This invention relates to chucks for machine tools designed either for high-speed operation or machining operations in which the chuck must sustain severe lateral forces due to the machining pressures exerted on the workpiece. In either case, it is essential that the workpiece be positively held and that the grip on the workpiece is capable of positively resisting any forces, such as centrifugal forces, which would tend to cause it to loosen its grip on the workpiece. This latter requirement has become much more urgent and meaningful as both the operating speed and the pressure exerted by the tools on the workpieces have been increased.
The problem has been to satisfy the need for better and more positive engagement with the workpiece without materially increasing the cost of the chuck, limiting its utility or complicating its set-up procedure.

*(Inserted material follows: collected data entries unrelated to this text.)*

(* Let $\langle E,\rightarrow\rangle$ be a computation and $b$ a predicate. The slice of $\langle E,\rightarrow\rangle$ with respect to $b$ is lean if and only if $b$ is regular (with respect to $\langle E,\rightarrow\rangle$).
   Context: A directed graph's consistent cuts are the vertex subsets $C$ such that for every edge $(u,v)$, $v\in C$ implies $u\in C$. A computation is a directed graph $\langle E, \rightarrow\rangle$ whose vertices (events) are partitioned among processes $p_1,\dots,p_n$, the events of each process totally ordered, each process $p_i$ having an initial event $\bot_i$ (first) and a final event $\top_i$ (last), whose path relation contains Lamport's happened-before relation, and in which all initial events lie in one strongly connected component and all final events lie in one strongly connected component. $\emptyset$ and $E$ are the trivial consistent cuts; a predicate is a boolean function of process variables evaluated on non-trivial consistent cuts (using variable values after all events of the cut are executed). A predicate $b$ is regular if whenever consistent cuts $C_1,C_2$ satisfy $b$, so do $C_1\cap C_2$ and $C_1\cup C_2$. The slice of $\langle E,\rightarrow\rangle$ with respect to $b$ is a directed graph with vertex set $E$ whose set of consistent cuts contains every consistent cut of $\langle E,\rightarrow\rangle$ satisfying $b$ and which has the least number of consistent cuts among all such directed graphs (it is determined up to having the same set of consistent cuts). The slice is lean if every non-trivial consistent cut of the slice satisfies $b$. *)

theory Defs
  imports Main
begin

definition consistent_cut :: "'e set \<Rightarrow> ('e \<times> 'e) set \<Rightarrow> 'e set \<Rightarrow> bool" where
  "consistent_cut E G C \<longleftrightarrow> C \<subseteq> E \<and> (\<forall>u v. (u, v) \<in> G \<longrightarrow> v \<in> C \<longrightarrow> u \<in> C)"

definition cuts :: "'e set \<Rightarrow> ('e \<times> 'e) set \<Rightarrow> 'e set set" where
  "cuts E G = {C. consistent_cut E G C}"

definition nontrivial_cut :: "'e set \<Rightarrow> 'e set \<Rightarrow> bool" where
  "nontrivial_cut E C \<longleftrightarrow> C \<noteq> {} \<and> C \<noteq> E"

text \<open>Lamport's happened-before relation is (po \<union> msg)^+, and it must
  be contained in the path relation R^+.\<close>

definition computation ::
  "'e set \<Rightarrow> ('e \<times> 'e) set \<Rightarrow> 'p set \<Rightarrow> ('e \<Rightarrow> 'p) \<Rightarrow> ('e \<times> 'e) set
     \<Rightarrow> ('p \<Rightarrow> 'e) \<Rightarrow> ('p \<Rightarrow> 'e) \<Rightarrow> ('e \<times> 'e) set \<Rightarrow> bool" where
  "computation E R P proc po ini fin msg \<longleftrightarrow>
     finite E \<and> R \<subseteq> E \<times> E \<and> finite P \<and> P \<noteq> {} \<and> proc ` E = P \<and>
     po \<subseteq> E \<times> E \<and> msg \<subseteq> E \<times> E \<and>
     (\<forall>(e, f) \<in> po. proc e = proc f) \<and>
     trans po \<and> irrefl po \<and>
     (\<forall>e\<in>E. \<forall>f\<in>E. proc e = proc f \<longrightarrow> e = f \<or> (e, f) \<in> po \<or> (f, e) \<in> po) \<and>
     (\<forall>p\<in>P. ini p \<in> E \<and> proc (ini p) = p \<and> fin p \<in> E \<and> proc (fin p) = p \<and>
        (\<forall>e\<in>E. proc e = p \<longrightarrow> e \<noteq> ini p \<longrightarrow> (ini p, e) \<in> po) \<and>
        (\<forall>e\<in>E. proc e = p \<longrightarrow> e \<noteq> fin p \<longrightarrow> (e, fin p) \<in> po)) \<and>
     (po \<union> msg)\<^sup>+ \<subseteq> R\<^sup>+ \<and>
     (\<forall>p\<in>P. \<forall>q\<in>P. (ini p, ini q) \<in> R\<^sup>* \<and> (fin p, fin q) \<in> R\<^sup>*)"

text \<open>A predicate is modelled as a boolean function of the cut (process variables after
  executing all events of the cut are determined by the cut); it is only ever evaluated
  on non-trivial consistent cuts.\<close>

definition sat_cut :: "'e set \<Rightarrow> ('e \<times> 'e) set \<Rightarrow> ('e set \<Rightarrow> bool) \<Rightarrow> 'e set \<Rightarrow> bool" where
  "sat_cut E R b C \<longleftrightarrow> consistent_cut E R C \<and> nontrivial_cut E C \<and> b C"

definition regular :: "'e set \<Rightarrow> ('e \<times> 'e) set \<Rightarrow> ('e set \<Rightarrow> bool) \<Rightarrow> bool" where
  "regular E R b \<longleftrightarrow>
     (\<forall>C1 C2. sat_cut E R b C1 \<longrightarrow> sat_cut E R b C2 \<longrightarrow>
        sat_cut E R b (C1 \<inter> C2) \<and> sat_cut E R b (C1 \<union> C2))"

definition is_slice ::
  "'e set \<Rightarrow> ('e \<times> 'e) set \<Rightarrow> ('e set \<Rightarrow> bool) \<Rightarrow> ('e \<times> 'e) set \<Rightarrow> bool" where
  "is_slice E R b S \<longleftrightarrow>
     S \<subseteq> E \<times> E \<and> {C. sat_cut E R b C} \<subseteq> cuts E S \<and>
     (\<forall>S'. S' \<subseteq> E \<times> E \<longrightarrow> {C. sat_cut E R b C} \<subseteq> cuts E S' \<longrightarrow>
        card (cuts E S) \<le> card (cuts E S'))"

definition lean :: "'e set \<Rightarrow> ('e set \<Rightarrow> bool) \<Rightarrow> ('e \<times> 'e) set \<Rightarrow> bool" where
  "lean E b S \<longleftrightarrow> (\<forall>C. consistent_cut E S C \<longrightarrow> nontrivial_cut E C \<longrightarrow> b C)"

end

theory Submission
  imports Defs
begin

text \<open>Consistent cuts of any graph are closed under union and intersection, and in a computation
  the union and intersection of two non-trivial cuts are again non-trivial: a non-empty cut
  contains every initial event and a proper cut misses every final event.  So if the slice is
  lean, the cuts satisfying b are closed under both operations, i.e. b is regular.
  Conversely, if b is regular, the satisfying cuts together with the two trivial ones form a
  sublattice of the power set of E.  As in Birkhoff's representation theorem, such a sublattice
  is the set of consistent cuts of a graph on E; since the slice has the fewest consistent cuts
  among all graphs whose cuts contain the satisfying ones, its cuts are exactly this
  sublattice, and the slice is lean.\<close>

lemma consistent_cut_Int:
  "consistent_cut E G A \<Longrightarrow> consistent_cut E G B \<Longrightarrow> consistent_cut E G (A \<inter> B)"
  unfolding consistent_cut_def by blast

Heretofore chucks designed for the service conditions to which this invention is designed to be applied have been limited to a very small jaw movement capability. As a result, the chucks are highly specialized and have limited use and are not adaptable &:o use with workpieces of any significant range of dimensional difference without a long and complicated rework adjustment of the chuck. Since such chuck adaptation work must be done by skilled personnel, the cost of adaptation of the chuck from one job to another has been prohibitive unless the length of the run on which the chuck is to be used is of sufficient size that the cost of adaptation can be absorbed.

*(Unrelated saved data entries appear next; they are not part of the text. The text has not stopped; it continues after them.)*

lemma morse_matching_if_graph_edges_eq:
  assumes graph: "graph_edges X deg c = M"
    and disjoint: "\<forall>e\<in>M. \<forall>e'\<in>M. e \<noteq> e' \<longrightarrow> {fst e, snd e} \<inter> {fst e', snd e'} = {}"
  shows "morse_matching X deg c M"
  unfolding morse_matching_def
proof (intro conjI allI)
  show "M \<subseteq> graph_edges X deg c" using graph by simp
  show "\<forall>(a, b)\<in>M. c b a \<noteq> 0" using graph unfolding graph_edges_def by blast
  show "\<forall>e\<in>M. \<forall>e'\<in>M. e \<noteq> e' \<longrightarrow> {fst e, snd e} \<inter> {fst e', snd e'} = {}"
    by (fact disjoint)
  fix n
  have "a = b" if "(a, b) \<in> (rev_graph X deg c M)\<^sup>*" and "deg a = deg b" for a b
    using rtrancl_converse_degree[OF degree_if_graph_edges_eq[OF graph]] that
    unfolding rev_graph_eq_converse[OF graph] by fastforce
  then have order_eq: "{(a, b). a \<in> X \<and> b \<in> X \<and> deg a = n \<and> deg b = n \<and> (a, b) \<in> (rev_graph X deg c M)\<^sup>*}
      = Id_on {a \<in> X. deg a = n}"
    by (auto simp: Id_on_def)
  show "partial_order_on {a \<in> X. deg a = n}
      {(a, b). a \<in> X \<and> b \<in> X \<and> deg a = n \<and> deg b = n \<and> (a, b) \<in> (rev_graph X deg c M)\<^sup>*}"
    unfolding order_eq partial_order_on_def preorder_on_def refl_on_def trans_def antisym_def
    by auto
qed

lemma morse_boundary_eq_0_if_graph_edges_eq:
  assumes graph: "graph_edges X deg c = M"
  shows "morse_boundary X deg c M a = (\<lambda>_. 0)"
proof
  fix b
  have "\<not> is_path (rev_graph X deg c M) q a b" if "deg a = Suc (deg b)" for q
  proof
    assume "is_path (rev_graph X deg c M) q a b"
    then have "(a, b) \<in> (M\<inverse>)\<^sup>*"
      unfolding rev_graph_eq_converse[OF graph] by (rule is_path_rtrancl)
    then show False
      using rtrancl_converse_degree[OF degree_if_graph_edges_eq[OF graph]] that by fastforce
  qed
  then show "morse_boundary X deg c M a b = 0"
    unfolding morse_boundary_def Gamma_def by auto
qed

locale hodge_based_complex =
  fixes C :: "nat \<Rightarrow> 'v::euclidean_space set" and d :: "nat \<Rightarrow> 'v \<Rightarrow> 'v"
    and R L :: "nat \<Rightarrow> 'v set" and p :: "nat \<Rightarrow> 'v \<Rightarrow> 'v" and B :: "nat \<Rightarrow> 'v set"
  assumes chain_complex: "chain_complex C d"
    and hodge_basis: "hodge_basis C d R L p B"
begin

abbreviation d_adj :: "nat \<Rightarrow> 'v \<Rightarrow> 'v" where
  "d_adj k \<equiv> adj (C (Suc k)) (d k)"

abbreviation cells where "cells \<equiv> hodge_cells R L B"
abbreviation matching where "matching \<equiv> hodge_matching d R L"
abbreviation coef where "coef \<equiv> hodge_coef d R L B"

lemma subspace_C: "subspace (C n)"
  and linear_d: "linear (d n)"
  and d_mem: "x \<in> C (Suc n) \<Longrightarrow> d n x \<in> C n"
  and d_d_eq_0: "x \<in> C (Suc (Suc n)) \<Longrightarrow> d n (d (Suc n) x) = 0"
  using chain_complex unfolding chain_complex_def by blast+

lemma d_adj_mem: "d_adj k y \<in> C (Suc k)"
  and inner_d_adj: "x \<in> C (Suc k) \<Longrightarrow> inner (d k x) y = inner x (d_adj k y)"
  using adj_mem[OF subspace_C linear_d] inner_adj[OF subspace_C linear_d] by blast+

lemma R_orthonormal: "orthonormal_basis_of (R k) (d_adj k ` C k)"
  and L_orthonormal: "orthonormal_basis_of (L k) (d k ` C (Suc k))"
  and p_bij: "bij_betw (p k) (R k) (L k)"
  and d_R: "v \<in> R k \<Longrightarrow> \<exists>\<sigma>>0. d k v = \<sigma> *\<^sub>R p k v"
  and independent_B: "independent (B n)"
  and span_B: "span (B n) = ker_lap C d n"
  using hodge_basis unfolding hodge_basis_def by auto

lemma p_mem_L: "v \<in> R k \<Longrightarrow> p k v \<in> L k"
  using p_bij by (blast dest: bij_betwE)

lemma R_coboundary: "v \<in> R k \<Longrightarrow> \<exists>z\<in>C k. v = d_adj k z"
  and L_boundary: "w \<in> L k \<Longrightarrow> \<exists>y\<in>C (Suc k). w = d k y"
  and norm_R: "v \<in> R k \<Longrightarrow> norm v = 1"
  and norm_L: "w \<in> L k \<Longrightarrow> norm w = 1"
  and pairwise_orthogonal_R: "pairwise orthogonal (R k)"
  and pairwise_orthogonal_L: "pairwise orthogonal (L k)"
  using R_orthonormal[of k] L_orthonormal[of k] unfolding orthonormal_basis_of_def by blast+

lemma inner_laplacian:
  assumes "x \<in> C n"
  shows "inner (laplacian C d n x) x
    = (case n of 0 \<Rightarrow> 0 | Suc k \<Rightarrow> (norm (d k x))\<^sup>2) + (norm (d_adj n x))\<^sup>2"
proof -
  have "inner (d n (d_adj n x)) x = (norm (d_adj n x))\<^sup>2"
    using inner_d_adj[OF d_adj_mem] by (simp add: power2_norm_eq_inner)
  moreover have "inner (d_adj k (d k x)) x = (norm (d k x))\<^sup>2" if "n = Suc k" for k
    using inner_d_adj[of x k "d k x"] assms that
    by (simp add: power2_norm_eq_inner inner_commute)
  ultimately show ?thesis
    unfolding laplacian_def by (cases n) (simp_all add: inner_add_left)
qed

lemma harmonic_imp_cocycle: "x \<in> ker_lap C d n \<Longrightarrow> d_adj n x = 0"
  and harmonic_imp_cycle: "x \<in> ker_lap C d (Suc k) \<Longrightarrow> d k x = 0"
  using inner_laplacian[of x n] inner_laplacian[of x "Suc k"]
  by (cases n; auto simp: ker_lap_def add_nonneg_eq_0_iff)+

lemma B_harmonic: "b \<in> B n \<Longrightarrow> b \<in> ker_lap C d n"
  using span_B span_base by blast

lemma orthogonal_L_Suc_R: "w \<in> L (Suc k) \<Longrightarrow> u \<in> R k \<Longrightarrow> orthogonal w u"
  using L_boundary[of w "Suc k"] R_coboundary[of u k] inner_d_adj d_mem d_d_eq_0
  by (fastforce simp: orthogonal_def)

lemma orthogonal_L_B: "w \<in> L n \<Longrightarrow> b \<in> B n \<Longrightarrow> orthogonal w b"
  using L_boundary[of w n] inner_d_adj harmonic_imp_cocycle[OF B_harmonic]
  by (fastforce simp: orthogonal_def)

lemma orthogonal_R_B: "u \<in> R k \<Longrightarrow> b \<in> B (Suc k) \<Longrightarrow> orthogonal u b"
  using R_coboundary[of u k] inner_d_adj harmonic_imp_cycle[OF B_harmonic]
    B_harmonic[of b "Suc k"]
  by (fastforce simp: orthogonal_def ker_lap_def inner_commute)

lemma independent_hodge_index: "independent (hodge_index R L B n)"
proof -
  define LR where "LR = L n \<union> (case n of 0 \<Rightarrow> {} | Suc k \<Rightarrow> R k)"
  have "pairwise orthogonal LR"
    using pairwise_orthogonal_L[of n] pairwise_orthogonal_R orthogonal_L_Suc_R
    unfolding LR_def pairwise_def by (cases n) (auto; meson orthogonal_commute)+
  moreover have "0 \<notin> LR"
    unfolding LR_def by (cases n) (auto dest: norm_L norm_R)
  ultimately have "independent LR"
    by (rule pairwise_orthogonal_independent)
  then have "independent (LR \<union> B n)"
    using independent_B
    by (rule independent_Un_orthogonal)
      (auto simp: LR_def orthogonal_L_B orthogonal_R_B split: nat.splits)
  then show ?thesis
    unfolding hodge_index_def LR_def .
qed

lemma R_disjoint_L_Suc: "v \<in> R k \<Longrightarrow> v \<notin> L (Suc k)"
  using orthogonal_L_Suc_R[of v k v] norm_R[of v k] by (auto simp: orthogonal_self)

lemma L_disjoint_B: "v \<in> L n \<Longrightarrow> v \<notin> B n"
  using orthogonal_L_B[of v n v] norm_L[of v n] by (auto simp: orthogonal_self)

lemma R_disjoint_B_Suc: "v \<in> R k \<Longrightarrow> v \<notin> B (Suc k)"
  using orthogonal_R_B[of v k v] norm_R[of v k] by (auto simp: orthogonal_self)

lemma d_hodge_index_cases:
  assumes "v \<in> hodge_index R L B (Suc m)"
  obtains "d m v = 0"
    | \<sigma> where "v \<in> R m" and "\<sigma> > 0" and "d m v = \<sigma> *\<^sub>R p m v"
proof -
  consider "v \<in> L (Suc m)" | "v \<in> R m" | "v \<in> B (Suc m)"
    using assms unfolding hodge_index_def by auto
  then show thesis
  proof cases
    case 1
    then show thesis using L_boundary d_d_eq_0 that(1) by blast
  next
    case 2
    then show thesis using d_R that(2) by blast
  next
    case 3
    then show thesis using harmonic_imp_cycle[OF B_harmonic] that(1) by blast
  qed
qed

lemma hodge_matching_eq: "matching = {((Suc k, v), (k, p k v)) | k v. v \<in> R k}"
proof (intro equalityI subsetI)
  fix e assume "e \<in> matching"
  then obtain k v w s where e: "e = ((Suc k, v), (k, w))" and v: "v \<in> R k" and w: "w \<in> L k"
    and "s \<noteq> 0" and d_v: "d k v = s *\<^sub>R w"
    unfolding hodge_matching_def by blast
  obtain \<sigma> where "d k v = \<sigma> *\<^sub>R p k v" using d_R[OF v] by blast
  with d_v have "s *\<^sub>R w = \<sigma> *\<^sub>R p k v" by simp
  moreover have "w \<in> hodge_index R L B k" "p k v \<in> hodge_index R L B k"
    using w p_mem_L[OF v] by (simp_all add: hodge_index_def)
  ultimately have "w = p k v"
    using scaleR_basis_eq_imp_eq[OF independent_hodge_index _ _ \<open>s \<noteq> 0\<close>] by blast
  then show "e \<in> {((Suc k, v), (k, p k v)) | k v. v \<in> R k}" using e v by blast
next
  fix e assume "e \<in> {((Suc k, v), (k, p k v)) | k v. v \<in> R k}"
  then obtain k v where e: "e = ((Suc k, v), (k, p k v))" and v: "v \<in> R k" by blast
  obtain \<sigma> where "\<sigma> > 0" "d k v = \<sigma> *\<^sub>R p k v" using d_R[OF v] by blast
  then have "\<exists>\<sigma>. \<sigma> \<noteq> 0 \<and> d k v = \<sigma> *\<^sub>R p k v" by (intro exI[of _ \<sigma>]) simp
  then show "e \<in> matching"
    unfolding hodge_matching_def e using v p_mem_L[OF v] by blast
qed

lemma coef_eq: "coef (k, w) (Suc k, v) = representation (hodge_index R L B k) (d k v) w"
  unfolding hodge_coef_def by simp

lemma graph_edges_eq_hodge_matching: "graph_edges cells fst coef = matching"
proof (intro equalityI subsetI)
  fix e assume "e \<in> graph_edges cells fst coef"
  then obtain m v w where e: "e = ((Suc m, v), (m, w))" and v: "v \<in> hodge_index R L B (Suc m)"
    and nz: "representation (hodge_index R L B m) (d m v) w \<noteq> 0"
    unfolding graph_edges_def hodge_cells_def by (auto simp: coef_eq)
  from v show "e \<in> matching"
  proof (cases rule: d_hodge_index_cases)
    case 1
    then show ?thesis using nz by (simp add: representation_zero)
  next
    case (2 \<sigma>)
    have "p m v \<in> hodge_index R L B m"
      using p_mem_L[OF \<open>v \<in> R m\<close>] by (simp add: hodge_index_def)
    then have "w = p m v"
      using nz 2 by (simp add: representation_scaleR_basis[OF independent_hodge_index] split: if_splits)
    then show ?thesis using e \<open>v \<in> R m\<close> by (simp add: hodge_matching_eq)
  qed
next
  fix e assume "e \<in> matching"
  then obtain k v where e: "e = ((Suc k, v), (k, p k v))" and v: "v \<in> R k"
    by (auto simp: hodge_matching_eq)
  obtain \<sigma> where "\<sigma> > 0" "d k v = \<sigma> *\<^sub>R p k v" using d_R[OF v] by blast
  moreover have "p k v \<in> hodge_index R L B k"
    using p_mem_L[OF v] by (simp add: hodge_index_def)
  ultimately have "coef (k, p k v) (Suc k, v) \<noteq> 0"
    by (simp add: coef_eq representation_scaleR_basis[OF independent_hodge_index])
  then show "e \<in> graph_edges cells fst coef"
    using \<open>p k v \<in> hodge_index R L B k\<close> v
    unfolding e graph_edges_def hodge_cells_def by (auto simp: hodge_index_def)
qed

lemma hodge_matching_disjoint:
  "\<forall>e\<in>matching. \<forall>e'\<in>matching. e \<noteq> e' \<longrightarrow> {fst e, snd e} \<inter> {fst e', snd e'} = {}"
proof (intro ballI impI)
  fix e e' assume "e \<in> matching" "e' \<in> matching" "e \<noteq> e'"
  then obtain k v k' v' where e: "e = ((Suc k, v), (k, p k v))" "v \<in> R k"
    and e': "e' = ((Suc k', v'), (k', p k' v'))" "v' \<in> R k'"
    and ne: "(k, v) \<noteq> (k', v')"
    by (auto simp: hodge_matching_eq)
  have "p k v \<noteq> p k' v'" if "k = k'"
    using ne that e(2) e'(2) p_bij[of k] by (auto dest: bij_betw_imp_inj_on inj_onD)
  moreover have "v \<noteq> p k' v'" if "k' = Suc k"
    using that e(2) e'(2) p_mem_L R_disjoint_L_Suc by blast
  moreover have "v' \<noteq> p k v" if "k = Suc k'"
    using that e(2) e'(2) p_mem_L R_disjoint_L_Suc by blast
  ultimately show "{fst e, snd e} \<inter> {fst e', snd e'} = {}"
    using e e' ne by auto
qed

lemma critical_hodge_cells: "{v. (n, v) \<in> critical cells matching} = B n"
proof -
  have "(n, v) \<in> critical cells matching \<longleftrightarrow> v \<in> B n" for v
  proof
    assume crit: "(n, v) \<in> critical cells matching"
    then have "v \<in> hodge_index R L B n"
      unfolding critical_def hodge_cells_def by blast
    moreover have "v \<notin> L n"
    proof
      assume "v \<in> L n"
      then obtain v' where "v' \<in> R n" "v = p n v'"
        using p_bij[of n] by (metis bij_betw_imp_surj_on imageE)
      then show False using crit by (auto simp: critical_def hodge_matching_eq)
    qed
    moreover have "v \<notin> R k" if "n = Suc k" for k
      using crit that by (auto simp: critical_def hodge_matching_eq)
    ultimately show "v \<in> B n"
      unfolding hodge_index_def by (auto split: nat.splits)
  next
    assume "v \<in> B n"
    moreover have "v \<notin> L n" using \<open>v \<in> B n\<close> L_disjoint_B by blast
    moreover have "v \<notin> R k" if "n = Suc k" for k
      using \<open>v \<in> B n\<close> that R_disjoint_B_Suc by blast
    ultimately show "(n, v) \<in> critical cells matching"
      using p_mem_L
      by (auto simp: critical_def hodge_cells_def hodge_index_def hodge_matching_eq)
  qed
  then show ?thesis by blast
qed

end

This invention overcomes this difficulty by providing means different from those described and claimed in the application above identified by which such chucks can be quickly adapted to serve a much wider range of workpiece sizes with a minimum downtime requirement without the necessity for use of highly skilled labor to perform the changeover. Like the invention described in our co-pending application, the changeover can be accomplished so rapidly that there is no reason to attempt to use the machine on which the chuck has been mounted for any other purpose while the changeover is being made. Further, this permits the chuck to be used for a much wider range of work and thus for a much higher proportion of its availability. This materially expands the basis upon which the capital investment in the chuck can be amortized and also reduces the number of chucks which a machine shop has to keep in inventory in order to have a reasonable spectrum of capability. The invention also materially reduces the amount of machine tool downtime necessary for changeover from one machining job to another. For smaller machine shops, it significantly increases the scope and range of the jobs the machine shop can profitably perform with each of its chucks. Thus, the chuck's return on capital is materially increased and the requirements of storage space for idle chucks is significantly reduced.
Another aspect of this invention is its use with chucks having so-called soft jaws, that is, chucks having jaws of unhardened steel. These are desirable for many machining operations. This invention permits such jaws to have a much longer service life before major reconditioning since the wear on the jaws can be compensated simply by adjusting the outer jaws' position with respect to the inner jaw by means which are quick and simple to use.
A further aspect to this invention is that it provides a positive means of preventing the chuck changeover being considered complete without the outer jaw being positively locked to the inner jaw. Failure to lock the jaws together can result in serious injury to personnel and the equipment. This invention provides positive physical evidence that this step has not been completed. It prevents the tool used both to release and to secure the outer jaw from being removed from the chuck unless the outer jaw has been properly secured.